The subsequent work [25] offers a different take on the modeling approach and on achieving perfect secrecy for individual sequences. Instead of focusing on a finite-state eavesdropper with predefined knowledge, this approach models the encrypter itself as a finite-state machine (FSM), which processes both the plaintext and a stream of random key bits in a sequential manner. Central to this framework is the introduction of a new notion called finite-state encryptability, in the footsteps of finite-state compressibility introduced in [6]. Finite-state encryptability is defined as the minimum key rate required by any FSM-based encrypter to ensure that a particular measure of normalized empirical mutual information between the plaintext and ciphertext converges to zero as the block length increases. One of the main theoretical results in [25] asserts that the finite-state encryptability of a given individual sequence is lower-bounded by its finite-state compressibility. Stated differently, no finite-state encrypter can use a key rate below the sequence compressibility without compromising security, as defined in this setting. Once again, this lower bound is not merely theoretical; it can be asymptotically achieved through the same two-step process that was mentioned above: first compressing the plaintext using the Lempel–Ziv (LZ) algorithm and then applying one-time pad encryption to the resulting compressed bitstream. This mirrors earlier results in both compression and security, illustrating a deep connection between the two domains.

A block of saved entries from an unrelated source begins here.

(* Let $m$ be a non-negative integer and $n$ a positive rational number. Define Ramanujan's integral $$\mathbf{R}_{C}(m,n)=\int_{0}^{\infty}x^{m}\frac{\cos(\pi nx)}{-1+\exp(2\pi\sqrt{x})}\,dx.$$ Then $$\mathbf{R}_{C}(m,n)=-(n\pi)^{-m-1}\sum_{k=0}^{\infty}\left[\sum_{\ell=0}^{\infty}\frac{1}{\ell!}\left\{\frac{-(2\pi+2\pi k)}{\sqrt{n\pi}}\right\}^{\ell}\Gamma\!\left(m+1+\frac{\ell}{2}\right)\sin\!\left(\frac{m\pi}{2}+\frac{\ell\pi}{4}\right)\right]$$ and $$\mathbf{R}_{C}(m,n)=-(n\pi)^{-m-1}\sum_{k=0}^{\infty}\left[\sum_{j=0}^{3}\frac{1}{j!}\left\{\frac{-(2\pi+2\pi k)}{\sqrt{n\pi}}\right\}^{j}\Gamma\!\left(m+1+\frac{j}{2}\right)\sin\!\left(\frac{m\pi}{2}+\frac{j\pi}{4}\right)G_j\!\left(-\frac{\pi^{2}(k+1)^{4}}{4n^{2}}\right)\right],$$ where $G_0(z)={}_{2}F_{3}\!\left(\tfrac{m+1}{2},\tfrac{m+2}{2};\tfrac14,\tfrac12,\tfrac34;z\right)$, $G_1(z)={}_{2}F_{3}\!\left(\tfrac{2m+3}{4},\tfrac{2m+5}{4};\tfrac12,\tfrac34,\tfrac54;z\right)$, $G_2(z)={}_{2}F_{3}\!\left(\tfrac{m+2}{2},\tfrac{m+3}{2};\tfrac34,\tfrac54,\tfrac32;z\right)$, $G_3(z)={}_{2}F_{3}\!\left(\tfrac{2m+5}{4},\tfrac{2m+7}{4};\tfrac54,\tfrac32,\tfrac74;z\right)$. (Here $(k+1)^4=\{(2)_k/(1)_k\}^4$, the form used in the paper.)
   Context: For $\alpha\in\mathbb{C}$, $(\alpha)_n=\alpha(\alpha+1)\cdots(\alpha+n-1)$, $(\alpha)_0=1$. ${}_{p}F_{q}(\alpha_1,\dots,\alpha_p;\beta_1,\dots,\beta_q;z)=\sum_{n\ge0}\frac{\prod_i(\alpha_i)_n}{\prod_j(\beta_j)_n}\frac{z^n}{n!}$, entire in $z$ for $p\le q$. $\Gamma$ is Euler's Gamma function. *)

theory Defs
  imports "HOL-Analysis.Analysis"
begin

definition hyp2F3 :: "real \<Rightarrow> real \<Rightarrow> real \<Rightarrow> real \<Rightarrow> real \<Rightarrow> real \<Rightarrow> real" where
  "hyp2F3 a1 a2 b1 b2 b3 z =
     (\<Sum>j. pochhammer a1 j * pochhammer a2 j
            / (pochhammer b1 j * pochhammer b2 j * pochhammer b3 j) * z ^ j / fact j)"

definition RamanujanRC :: "nat \<Rightarrow> real \<Rightarrow> real" where
  "RamanujanRC m n =
     integral {0<..} (\<lambda>x::real. x ^ m * cos (pi * n * x) / (- 1 + exp (2 * pi * sqrt x)))"

definition G :: "nat \<Rightarrow> nat \<Rightarrow> real \<Rightarrow> real" where
  "G m j z =
     (if j = 0 then hyp2F3 ((real m + 1) / 2) ((real m + 2) / 2) (1/4) (1/2) (3/4) z
      else if j = 1 then hyp2F3 ((2 * real m + 3) / 4) ((2 * real m + 5) / 4) (1/2) (3/4) (5/4) z
      else if j = 2 then hyp2F3 ((real m + 2) / 2) ((real m + 3) / 2) (3/4) (5/4) (3/2) z
      else hyp2F3 ((2 * real m + 5) / 4) ((2 * real m + 7) / 4) (5/4) (3/2) (7/4) z)"

end

theory Submission
  imports Defs "HOL-Real_Asymp.Real_Asymp"
begin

In this paper, we adopt the same model setting as in [25], but with a different security metric: the maximum leakage of information, which was first introduced by Issa, Wagner, and Kamath in [27] and then further explored in several more recent works, including [28,29,30,31,32], among others. This metric is closely related to, and similarly motivated by, the earlier security measure proposed in [33], which defines security as a scenario where the correct decoding exponent of the plaintext is not improved by the availability of the ciphertext, compared to that of blind guessing. For more details, see the last paragraph of Section 2.2.1. The maximum leakage metric is defined in a more general form and has a relatively straightforward expression, as demonstrated in [27] and further clarified in the following sections. As will be discussed in the sequel, the maximum leakage metric is particularly well suited for the individual-sequence setting considered here, as it is weakly dependent on the probability distribution of the plaintext, depending only on its support.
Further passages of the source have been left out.